Книга любви. Собрание сочинений. Том 10
Николай Максимович Ольков
Каждому случается влюбиться хоть раз в жизни. Эта книга составлена по настоянию моего старшего товарища профессора Ю. А. Мешкова, она ему и посвящена. Я так понимаю: если человек не умеет любить – он не интересен писателю. А если писатель не знает, что такое любовь, он не интересен никому.
Книга любви
Собрание сочинений. Том 10
Николай Ольков
© Николай Ольков, 2017
ISBN 978-5-4483-7048-9
Создано в интеллектуальной издательской системе Ridero
Мое слово
Как поставил заголовок «Книга любви», поначалу сам испугался, а не воспримет ли современный читатель, отвыкший от высоких идей и естественных чувств, не воспримет ли он книгу как очередное пошловатое пособие по любви в ее современном извращенном понимании. Потом одумался: да что же мы, в самом деле, святого чувства, которое дано испытать каждому нормальному человеку, стали остерегаться. От его имени творились такие картины, такие стихи и такие музыки, что и сегодня кровь стынет в жилах от той силы страстной, в них вложенной. Во имя этого чувства люди муки терпели не только сердечные, но и кровь свою по капле отпускали, слабеющим взором прощаясь с любимой. Любовь возвышала души простых смертных до высот небесных, и тогда их любовный подвиг записан был на скрижалях нашей веры, чтобы поколения православных имели перед собой пример и в венчании перед Богом обещали приблизиться к нему.

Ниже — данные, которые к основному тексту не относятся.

(* Let $\mathcal{S}_0$ and $\mathcal{S}_1$ be two MSyDSs with common node set $V$ such that every local function is a threshold function and every master function is \texttt{OR}. Let $\tau$ be the largest threshold value occurring among the local functions of $\mathcal{S}_0$ and $\mathcal{S}_1$. Then $\mathcal{S}_0$ and $\mathcal{S}_1$ are inequivalent if and only if there is an inequivalence witness for $\mathcal{S}_0$ and $\mathcal{S}_1$ in which at most $\tau$ nodes have state 1.
   Context: A multilayer synchronous dynamical system (MSyDS) $\mathcal{S}$ over $\mathbb{B}=\{0,1\}$ with $k\ge 1$ layers consists of: a finite node set $V$; undirected simple graphs $G_i=(V,E_i)$, $1\le i\le k$ (all layers share the node set $V$); for each layer $i$ and node $v$ a local function $f_{i,v}$ with output in $\mathbb{B}$ whose inputs are the states of the nodes in the closed neighborhood of $v$ in $G_i$ ($v$ and its neighbors in $G_i$); and for each node $v$ a master function $\psi_v:\mathbb{B}^k\to\mathbb{B}$. A configuration is a map $\mathcal{C}:V\to\mathbb{B}$; its successor is $\mathcal{C}'$ with $\mathcal{C}'(v)=\psi_v(f_{1,v}(\mathcal{C}),\dots,f_{k,v}(\mathcal{C}))$ for all $v$ (synchronous update), where $f_{i,v}(\mathcal{C})$ is $f_{i,v}$ evaluated on the states in $\mathcal{C}$ of the closed neighborhood of $v$ in $G_i$. For an integer $t\ge 0$, the $t$-threshold function equals 1 iff at least $t$ of its inputs equal 1; a threshold local function is specified by its threshold $t$. \texttt{OR} is 1 iff at least one input is 1. Two MSyDSs on the same node set are equivalent if every configuration has the same successor under both (i.e., their phase spaces are identical), and inequivalent otherwise. An inequivalence witness for two MSyDSs on node set $V$ is a configuration of $V$ whose successors under the two systems differ. *)

theory Defs
  imports Main
begin

definition simple_graph :: "'a set \<Rightarrow> ('a \<Rightarrow> 'a \<Rightarrow> bool) \<Rightarrow> bool" where
  "simple_graph V E \<longleftrightarrow>
     (\<forall>u v. E u v \<longrightarrow> u \<in> V \<and> v \<in> V \<and> u \<noteq> v \<and> E v u)"

definition closed_nbhd :: "('a \<Rightarrow> 'a \<Rightarrow> bool) \<Rightarrow> 'a \<Rightarrow> 'a set" where
  "closed_nbhd E v = insert v {u. E v u}"

text \<open>Configurations of V: maps V to {0,1} (False = 0, True = 1), fixed to 0 outside V.\<close>
definition configs :: "'a set \<Rightarrow> ('a \<Rightarrow> bool) set" where
  "configs V = {C. \<forall>u. u \<notin> V \<longrightarrow> \<not> C u}"

definition threshold_fn :: "nat \<Rightarrow> 'a set \<Rightarrow> ('a \<Rightarrow> bool) \<Rightarrow> bool" where
  "threshold_fn t S C \<longleftrightarrow> t \<le> card {u \<in> S. C u}"

definition OR_fn :: "bool list \<Rightarrow> bool" where
  "OR_fn bs \<longleftrightarrow> (\<exists>b \<in> set bs. b)"

text \<open>An MSyDS with k layers G_i = (V, E i), i < k, all of whose local functions are
  threshold functions (threshold t i v for layer i, node v) and all master functions OR.\<close>
definition thr_or_msyds :: "'a set \<Rightarrow> nat \<Rightarrow> (nat \<Rightarrow> 'a \<Rightarrow> 'a \<Rightarrow> bool) \<Rightarrow> bool" where
  "thr_or_msyds V k E \<longleftrightarrow> finite V \<and> k \<ge> 1 \<and> (\<forall>i<k. simple_graph V (E i))"

definition thr_or_succ ::
  "nat \<Rightarrow> (nat \<Rightarrow> 'a \<Rightarrow> 'a \<Rightarrow> bool) \<Rightarrow> (nat \<Rightarrow> 'a \<Rightarrow> nat) \<Rightarrow> ('a \<Rightarrow> bool) \<Rightarrow> 'a \<Rightarrow> bool" where
  "thr_or_succ k E t C v =
     OR_fn (map (\<lambda>i. threshold_fn (t i v) (closed_nbhd (E i) v) C) [0..<k])"

definition ineq_witness ::
  "'a set \<Rightarrow> nat \<Rightarrow> (nat \<Rightarrow> 'a \<Rightarrow> 'a \<Rightarrow> bool) \<Rightarrow> (nat \<Rightarrow> 'a \<Rightarrow> nat)
   \<Rightarrow> nat \<Rightarrow> (nat \<Rightarrow> 'a \<Rightarrow> 'a \<Rightarrow> bool) \<Rightarrow> (nat \<Rightarrow> 'a \<Rightarrow> nat) \<Rightarrow> ('a \<Rightarrow> bool) \<Rightarrow> bool" where
  "ineq_witness V k0 E0 t0 k1 E1 t1 C \<longleftrightarrow>
     C \<in> configs V \<and> (\<exists>v \<in> V. thr_or_succ k0 E0 t0 C v \<noteq> thr_or_succ k1 E1 t1 C v)"

definition equivalent ::
  "'a set \<Rightarrow> nat \<Rightarrow> (nat \<Rightarrow> 'a \<Rightarrow> 'a \<Rightarrow> bool) \<Rightarrow> (nat \<Rightarrow> 'a \<Rightarrow> nat)
   \<Rightarrow> nat \<Rightarrow> (nat \<Rightarrow> 'a \<Rightarrow> 'a \<Rightarrow> bool) \<Rightarrow> (nat \<Rightarrow> 'a \<Rightarrow> nat) \<Rightarrow> bool" where
  "equivalent V k0 E0 t0 k1 E1 t1 \<longleftrightarrow>
     (\<forall>C \<in> configs V. \<forall>v \<in> V. thr_or_succ k0 E0 t0 C v = thr_or_succ k1 E1 t1 C v)"

end

theory Submission
  imports Defs
begin

text \<open>A node's successor state under threshold/OR rules is monotone in the configuration.
  If the two systems disagree at a node v, say the first system sets v to 1 and the second
  to 0, then some layer i of the first system sees at least t i v active nodes around v.
  Keeping exactly t i v of them active still makes the first system output 1 at v, and by
  monotonicity the second system still outputs 0; the new witness has at most t i v ones.\<close>

lemma thr_or_succ_iff:
  "thr_or_succ k E t C v \<longleftrightarrow> (\<exists>i<k. t i v \<le> card {u \<in> closed_nbhd (E i) v. C u})"
  by (auto simp: thr_or_succ_def OR_fn_def threshold_fn_def)

lemma finite_active_subset:
  assumes "finite V" "C \<in> configs V"
  shows "finite {u \<in> S. C u}"
  using assms by (auto simp: configs_def intro: finite_subset[of _ V])

lemma thr_or_succ_mono:
  assumes "finite V" "C \<in> configs V" "\<And>u. C' u \<Longrightarrow> C u" "thr_or_succ k E t C' v"
  shows "thr_or_succ k E t C v"
proof -
  from assms(4) obtain i where "i < k" and "t i v \<le> card {u \<in> closed_nbhd (E i) v. C' u}"
    by (auto simp: thr_or_succ_iff)
  moreover have "card {u \<in> closed_nbhd (E i) v. C' u} \<le> card {u \<in> closed_nbhd (E i) v. C u}"
    using assms(3) by (intro card_mono[OF finite_active_subset[OF assms(1,2)]]) auto
  ultimately show ?thesis
    by (auto simp: thr_or_succ_iff)
qed

lemma thr_or_succ_small_support:
  assumes "finite V" "C \<in> configs V" "thr_or_succ k E t C v"
  obtains C' i where "C' \<in> configs V" "\<And>u. C' u \<Longrightarrow> C u" "thr_or_succ k E t C' v"
    "i < k" "card {u \<in> V. C' u} \<le> t i v"
proof -
  from assms(3) obtain i where i: "i < k" "t i v \<le> card {u \<in> closed_nbhd (E i) v. C u}"
    by (auto simp: thr_or_succ_iff)
  obtain S where S: "S \<subseteq> {u \<in> closed_nbhd (E i) v. C u}" "card S = t i v"
    using obtain_subset_with_card_n[OF i(2)] by metis
  have below: "\<And>u. u \<in> S \<Longrightarrow> C u"
    using S(1) by auto
  have "S \<subseteq> V"
    using below assms(2) by (auto simp: configs_def)
  then have config: "(\<lambda>u. u \<in> S) \<in> configs V" and "{u \<in> V. u \<in> S} = S"
    by (auto simp: configs_def)
  then have "card {u \<in> V. u \<in> S} = t i v"
    using S(2) by simp
  moreover have "{u \<in> closed_nbhd (E i) v. u \<in> S} = S"
    using S(1) by auto
  then have "thr_or_succ k E t (\<lambda>u. u \<in> S) v"
    using i(1) S(2) by (auto simp: thr_or_succ_iff)
  ultimately show ?thesis
    using that[of "\<lambda>u. u \<in> S" i] config below i(1) by simp
qed

lemma disagreement_small_support_one_sided:
  assumes "finite V" "C \<in> configs V"
    and "thr_or_succ k E t C v" "\<not> thr_or_succ k' E' t' C v"
  obtains C' i where "C' \<in> configs V" "thr_or_succ k E t C' v" "\<not> thr_or_succ k' E' t' C' v"
    "i < k" "card {u \<in> V. C' u} \<le> t i v"
  using thr_or_succ_small_support[OF assms(1-3)] thr_or_succ_mono[OF assms(1,2)] assms(4)
  by metis

lemma disagreement_small_support:
  assumes "finite V" "C \<in> configs V"
    and "thr_or_succ k E t C v \<noteq> thr_or_succ k' E' t' C v"
  obtains C' where "C' \<in> configs V" "thr_or_succ k E t C' v \<noteq> thr_or_succ k' E' t' C' v"
    "(\<exists>i<k. card {u \<in> V. C' u} \<le> t i v) \<or> (\<exists>j<k'. card {u \<in> V. C' u} \<le> t' j v)"
proof (cases "thr_or_succ k E t C v")
  case True
  with assms(3) have "\<not> thr_or_succ k' E' t' C v"
    by simp
  from disagreement_small_support_one_sided[OF assms(1,2) True this] show ?thesis
    using that by blast
next
  case False
  with assms(3) have "thr_or_succ k' E' t' C v"
    by simp
  from disagreement_small_support_one_sided[OF assms(1,2) this False] show ?thesis
    using that by blast
qed

lemma finite_threshold_values:
  fixes t :: "nat \<Rightarrow> 'a \<Rightarrow> 'b"
  assumes "finite V"
  shows "finite {t i v | i v. i < k \<and> v \<in> V}"
proof -
  have "{t i v | i v. i < k \<and> v \<in> V} = (\<lambda>(i, v). t i v) ` ({..<k} \<times> V)"
    by auto
  then show ?thesis
    using assms by simp
qed

theorem lemma5p2:
  fixes V :: "'a set" and k0 k1 :: nat
    and E0 E1 :: "nat \<Rightarrow> 'a \<Rightarrow> 'a \<Rightarrow> bool" and t0 t1 :: "nat \<Rightarrow> 'a \<Rightarrow> nat"
  assumes "thr_or_msyds V k0 E0" and "thr_or_msyds V k1 E1"
  defines "\<tau> \<equiv> Max ({t0 i v | i v. i < k0 \<and> v \<in> V} \<union> {t1 i v | i v. i < k1 \<and> v \<in> V})"
  shows "\<not> equivalent V k0 E0 t0 k1 E1 t1 \<longleftrightarrow>
         (\<exists>C. ineq_witness V k0 E0 t0 k1 E1 t1 C \<and> card {v \<in> V. C v} \<le> \<tau>)"
proof
  assume "\<not> equivalent V k0 E0 t0 k1 E1 t1"
  then obtain C v where C: "C \<in> configs V" "v \<in> V"
    and differ: "thr_or_succ k0 E0 t0 C v \<noteq> thr_or_succ k1 E1 t1 C v"
    by (auto simp: equivalent_def)
  have "finite V"
    using assms(1) by (simp add: thr_or_msyds_def)
  have fin: "finite ({t0 i v | i v. i < k0 \<and> v \<in> V} \<union> {t1 i v | i v. i < k1 \<and> v \<in> V})"
    using \<open>finite V\<close> by (simp add: finite_threshold_values)
  obtain C' where C': "C' \<in> configs V" "thr_or_succ k0 E0 t0 C' v \<noteq> thr_or_succ k1 E1 t1 C' v"
    and small: "(\<exists>i<k0. card {u \<in> V. C' u} \<le> t0 i v) \<or> (\<exists>j<k1. card {u \<in> V. C' u} \<le> t1 j v)"
    using disagreement_small_support[OF \<open>finite V\<close> C(1) differ] by blast
  from small C(2) obtain s where card_le: "card {u \<in> V. C' u} \<le> s"
    and threshold: "s \<in> {t0 i v | i v. i < k0 \<and> v \<in> V} \<union> {t1 i v | i v. i < k1 \<and> v \<in> V}"
    by blast
  have "card {u \<in> V. C' u} \<le> \<tau>"
    unfolding \<tau>_def using card_le Max_ge[OF fin threshold] by (rule le_trans)
  then show "\<exists>C. ineq_witness V k0 E0 t0 k1 E1 t1 C \<and> card {v \<in> V. C v} \<le> \<tau>"
    using C' C(2) by (auto simp: ineq_witness_def)
qed (auto simp: ineq_witness_def equivalent_def)

end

Многие поколения и многие ученые мужи подступались к этому чувству со своими мерилами, тысячи трактатов написаны, вот уже и химики вывели, якобы, формулу любви. А парню с девушкой на это наплевать, их влечет друг к другу неведомая им сила, и они благодарны ей, они поддаются тому приятному влечению, и робкие объятия, и нежный поцелуй, и страстное запретное слово – через все пройдут, не ведая формул и ученых выводов. Никогда никому не удастся объяснить любовь, и это хорошо. Это, возможно, единственное в мире открытие, которое влюбленные пары делают сами изо дня в день, из века в век, не требуя гонораров за увиденный за открытием мир.
Редкий писатель сумеет обойти эту тему, обойтись без нее, скорей всего, нет таких писателей и нет книг без любви. Она разная, и это правильно. Не надо темнить, всякий пишет любовь, какую ему посчастливилось встретить. Она одна, но она многолика, и жизнь, и литература утверждают, что любовь всякой женщины иная, и мужчина, испытавший новизну чувства, навсегда запомнит ту, которая открыла ему эту маленькую тайну. Герои моих книг влюбчивы, страстны, ревнивы и жертвенны. Если человек не способен любить, он не интересен писателю, если писатель не умеет любить, он не интересен никому.
Николай Ольков
Крутые Озерки
Предисловие издателя
Перед вами грустная повесть о любви. Грустная не только потому, что ее героя и автора уже нет с нами. Повести о любви, согласитесь со мной, вообще редко бывают веселыми, если речь действительно о чувствах, а не кураж и не ерничанье на эту тему. Любовь по природе своей чувство тонкое и хрупкое, какая уж тут веселость. А тем более случилось это с человеком уже немолодым, в своей бурной, да простится мне так о покойном, сумасбродной жизни влюблявшемся часто и почти всегда имевшем успех, женившемся неоднократно, но так и не создавшем своей настоящей семьи.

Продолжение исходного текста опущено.